### Problem requirements
Scan the data for "longleftrightarrow" and copy each matching line.

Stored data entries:
—————

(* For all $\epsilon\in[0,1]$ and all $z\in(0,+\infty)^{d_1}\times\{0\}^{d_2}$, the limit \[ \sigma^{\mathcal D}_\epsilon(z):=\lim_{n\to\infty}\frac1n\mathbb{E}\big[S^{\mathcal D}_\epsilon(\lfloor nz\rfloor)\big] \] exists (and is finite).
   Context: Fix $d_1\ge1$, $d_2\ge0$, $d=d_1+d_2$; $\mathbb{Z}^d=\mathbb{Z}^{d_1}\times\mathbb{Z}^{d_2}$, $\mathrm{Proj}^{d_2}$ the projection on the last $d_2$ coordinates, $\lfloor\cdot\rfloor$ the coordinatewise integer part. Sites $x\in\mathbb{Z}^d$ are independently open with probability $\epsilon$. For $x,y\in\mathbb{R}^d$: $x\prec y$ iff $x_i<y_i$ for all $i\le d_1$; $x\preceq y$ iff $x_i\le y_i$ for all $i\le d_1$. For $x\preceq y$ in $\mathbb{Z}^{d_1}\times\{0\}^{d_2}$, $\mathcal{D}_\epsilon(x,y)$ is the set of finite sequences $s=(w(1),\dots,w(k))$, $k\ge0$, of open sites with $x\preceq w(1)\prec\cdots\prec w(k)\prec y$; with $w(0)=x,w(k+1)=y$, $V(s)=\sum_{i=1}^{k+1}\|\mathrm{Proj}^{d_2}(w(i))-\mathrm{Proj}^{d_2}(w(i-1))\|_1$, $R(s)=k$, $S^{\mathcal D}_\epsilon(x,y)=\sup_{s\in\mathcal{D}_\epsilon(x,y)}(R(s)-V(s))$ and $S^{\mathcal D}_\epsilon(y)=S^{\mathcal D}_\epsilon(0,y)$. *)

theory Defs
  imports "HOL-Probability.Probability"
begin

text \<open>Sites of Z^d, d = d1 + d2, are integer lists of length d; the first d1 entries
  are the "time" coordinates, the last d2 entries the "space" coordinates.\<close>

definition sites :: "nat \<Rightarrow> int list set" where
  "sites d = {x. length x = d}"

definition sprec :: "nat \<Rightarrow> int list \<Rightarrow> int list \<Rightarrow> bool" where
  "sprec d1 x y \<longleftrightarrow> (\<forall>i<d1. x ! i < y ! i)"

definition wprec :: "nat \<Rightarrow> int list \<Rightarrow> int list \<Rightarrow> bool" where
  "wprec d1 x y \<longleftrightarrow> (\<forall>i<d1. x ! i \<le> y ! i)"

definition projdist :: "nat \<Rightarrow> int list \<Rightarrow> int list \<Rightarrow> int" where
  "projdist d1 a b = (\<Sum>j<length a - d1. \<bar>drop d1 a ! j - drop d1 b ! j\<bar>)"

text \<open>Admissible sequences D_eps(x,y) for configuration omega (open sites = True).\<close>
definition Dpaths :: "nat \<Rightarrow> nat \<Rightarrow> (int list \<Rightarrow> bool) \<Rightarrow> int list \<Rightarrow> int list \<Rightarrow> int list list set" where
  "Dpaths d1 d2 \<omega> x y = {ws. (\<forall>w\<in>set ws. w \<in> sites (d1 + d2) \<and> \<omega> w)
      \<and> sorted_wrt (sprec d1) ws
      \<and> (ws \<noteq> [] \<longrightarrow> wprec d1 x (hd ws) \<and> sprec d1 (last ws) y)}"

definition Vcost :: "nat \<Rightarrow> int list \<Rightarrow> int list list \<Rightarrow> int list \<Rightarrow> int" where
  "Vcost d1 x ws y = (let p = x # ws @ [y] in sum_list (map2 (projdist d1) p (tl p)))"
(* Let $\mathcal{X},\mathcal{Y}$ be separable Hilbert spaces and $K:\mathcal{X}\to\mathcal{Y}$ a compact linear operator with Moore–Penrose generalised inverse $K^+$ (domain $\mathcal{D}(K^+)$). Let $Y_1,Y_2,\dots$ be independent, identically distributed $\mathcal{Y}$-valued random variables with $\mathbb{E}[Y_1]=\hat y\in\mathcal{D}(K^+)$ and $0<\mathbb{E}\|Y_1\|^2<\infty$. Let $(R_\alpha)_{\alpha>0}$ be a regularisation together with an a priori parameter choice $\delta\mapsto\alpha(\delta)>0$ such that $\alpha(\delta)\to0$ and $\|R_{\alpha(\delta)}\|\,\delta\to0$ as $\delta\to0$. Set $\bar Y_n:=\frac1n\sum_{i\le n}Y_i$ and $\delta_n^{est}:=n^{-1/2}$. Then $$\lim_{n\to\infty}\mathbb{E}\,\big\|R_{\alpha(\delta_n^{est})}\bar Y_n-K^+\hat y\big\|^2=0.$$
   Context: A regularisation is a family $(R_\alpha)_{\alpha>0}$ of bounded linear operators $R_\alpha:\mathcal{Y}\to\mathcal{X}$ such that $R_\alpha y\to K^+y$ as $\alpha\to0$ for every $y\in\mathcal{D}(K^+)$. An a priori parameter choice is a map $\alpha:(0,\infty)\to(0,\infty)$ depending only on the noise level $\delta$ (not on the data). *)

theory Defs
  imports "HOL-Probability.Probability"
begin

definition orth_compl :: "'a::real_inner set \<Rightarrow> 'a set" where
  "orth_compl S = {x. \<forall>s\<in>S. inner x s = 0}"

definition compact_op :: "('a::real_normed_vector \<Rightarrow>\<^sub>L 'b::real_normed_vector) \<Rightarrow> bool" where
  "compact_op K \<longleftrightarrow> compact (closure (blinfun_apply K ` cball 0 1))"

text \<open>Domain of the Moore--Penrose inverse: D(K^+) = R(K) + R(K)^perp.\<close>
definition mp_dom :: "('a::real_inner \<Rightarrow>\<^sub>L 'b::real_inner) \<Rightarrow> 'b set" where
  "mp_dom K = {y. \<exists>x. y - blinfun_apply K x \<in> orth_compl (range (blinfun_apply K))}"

—————

### Answer space
  "sprec d1 x y \<longleftrightarrow> (\<forall>i<d1. x ! i < y ! i)"
  "wprec d1 x y \<longleftrightarrow> (\<forall>i<d1. x ! i \<le> y ! i)"
  "compact_op K \<longleftrightarrow> compact (closure (blinfun_apply K ` cball 0 1))"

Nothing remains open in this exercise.